La première démarche consiste à contacter au plus vite l’établissement prêteur pour signaler la situation, avant tout retard de paiement, et à préparer en parallèle les justificatifs relatifs à la baisse de revenus constatée.

Quelle est la différence entre modulation et report d’échéances?

La modulation ajuste le montant des mensualités, à la hausse ou à la baisse, selon des règles généralement prévues au contrat, tandis que le report suspend temporairement tout ou partie du paiement, ce qui se traduit habituellement par un allongement de la durée du crédit.

Un réaménagement de crédit modifie-t-il le coût total du prêt?

Oui, dans la plupart des cas. L’allongement de la durée ou la restructuration des échéances peut augmenter le coût total du crédit, intérêts et assurance emprunteur compris, ce qu’il convient de mettre en balance avec le besoin de trésorerie immédiat avant d’accepter une telle solution.

À partir de quand un retard devient-il un incident de paiement caractérisé?

Cela dépend des seuils réglementaires applicables : deux mensualités impayées, un retard de plus de soixante jours pour un crédit à échéance non mensuelle, ou un défaut de paiement d’au moins 500 euros après mise en demeure. Au-delà de ces seuils, et après un délai de notification, l’établissement prêteur peut procéder à une inscription au FICP.

Que faire si le prêteur refuse toute solution amiable?

Il est possible de solliciter un service de médiation bancaire pour tenter de trouver une issue au dialogue. En cas de difficulté durable non résolue à l’amiable, il est également envisageable de se rapprocher de la Banque de France pour évaluer l’opportunité d’un dossier de surendettement, une démarche qui reste toutefois un recours de dernier ressort face à une difficulté installée dans la durée.

Conclusion

Face à une baisse de revenus prêt en cours, le facteur le plus déterminant reste le temps : plus le dialogue avec l’établissement prêteur s’engage tôt, avant tout retard de paiement, plus les solutions amiables comme la modulation des échéances, le report temporaire ou le réaménagement du crédit ont de chances d’être étudiées dans de bonnes conditions. Documenter précisément sa situation, établir un budget actualisé et formuler une demande claire sont autant d’éléments qui facilitent ce dialogue et permettent d’éviter, autant que possible, d’atteindre le stade de l’incident de paiement caractérisé et son inscription au FICP.

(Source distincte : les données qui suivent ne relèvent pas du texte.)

lemma abs_inner_mult_vec_diff_le:
  fixes A :: "real ^ 'n ^ 'm"
  assumes "\<forall>i. norm (column i A) = 1"
  shows "\<bar>(A *v v) \<bullet> (A *v w) - v \<bullet> w\<bar>
    \<le> mutual_coherence A * (l1norm v * l1norm w - (\<Sum>i\<in>UNIV. \<bar>v $ i\<bar> * \<bar>w $ i\<bar>))"
proof -
  let ?\<mu> = "mutual_coherence A"
  let ?G = "\<lambda>i j. column i A \<bullet> column j A"
  let ?off = "\<lambda>i j. if i = j then 0 else v $ i * w $ j * ?G i j"
  have "?G i i = 1" for i
    using assms by (simp add: norm_eq_1 [symmetric])
  then have "?off i j = v $ i * w $ j * ?G i j - (if i = j then v $ i * w $ i else 0)" for i j
    by auto
  then have "(A *v v) \<bullet> (A *v w) - v \<bullet> w = (\<Sum>i\<in>UNIV. \<Sum>j\<in>UNIV. ?off i j)"
    unfolding inner_mult_vec_eq_sum_columns by (simp add: sum_subtractf inner_vec_def)
  also have "\<bar>\<dots>\<bar> \<le> (\<Sum>i\<in>UNIV. \<Sum>j\<in>UNIV. \<bar>?off i j\<bar>)"
    by (rule order_trans [OF sum_abs]) (intro sum_mono sum_abs)
  also have "\<dots> \<le> (\<Sum>i\<in>UNIV. \<Sum>j\<in>UNIV.
      ?\<mu> * \<bar>v $ i\<bar> * \<bar>w $ j\<bar> - (if i = j then ?\<mu> * \<bar>v $ i\<bar> * \<bar>w $ i\<bar> else 0))"
  proof (intro sum_mono)
    fix i j
    have "\<bar>v $ i * w $ j * ?G i j\<bar> \<le> \<bar>v $ i\<bar> * \<bar>w $ j\<bar> * ?\<mu>" if "i \<noteq> j"
      unfolding abs_mult
      by (rule mult_left_mono [OF abs_inner_column_le_mutual_coherence [OF that]]) simp
    then show "\<bar>?off i j\<bar>
        \<le> ?\<mu> * \<bar>v $ i\<bar> * \<bar>w $ j\<bar> - (if i = j then ?\<mu> * \<bar>v $ i\<bar> * \<bar>w $ i\<bar> else 0)"
      by (simp add: mult_ac)
  qed
  also have "\<dots> = ?\<mu> * (l1norm v * l1norm w - (\<Sum>i\<in>UNIV. \<bar>v $ i\<bar> * \<bar>w $ i\<bar>))"
    unfolding l1norm_def sum_product
    by (simp add: sum_subtractf sum_distrib_left right_diff_distrib mult.assoc)
  finally show ?thesis .
qed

Il est important de rappeler que chacune des solutions évoquées dans cet article dépend d’une analyse individuelle du dossier par l’établissement prêteur, et qu’aucune d’entre elles ne constitue un droit automatique. Pour les emprunteurs résidant en Belgique, un suivi équivalent existe via la Centrale des Crédits aux Particuliers de la Banque Nationale de Belgique, et un dispositif de médiation de dettes peut être sollicité en cas de difficulté persistante ; ces éléments doivent être vérifiés auprès des organismes compétents, les modalités précises pouvant évoluer.

Les informations présentées dans cet article sont générales, éducatives et indicatives. Elles ne constituent en aucun cas une garantie d’obtention d’une modulation, d’un report ou d’un réaménagement de crédit. Les conditions réellement applicables peuvent varier selon le profil de l’emprunteur, les revenus, la stabilité financière du foyer, l’établissement financier concerné, le montant du crédit en cause, la durée de remboursement restante, l’analyse individuelle du dossier par le prêteur, les justificatifs effectivement fournis, et la réglementation applicable dans le pays de résidence de l’emprunteur.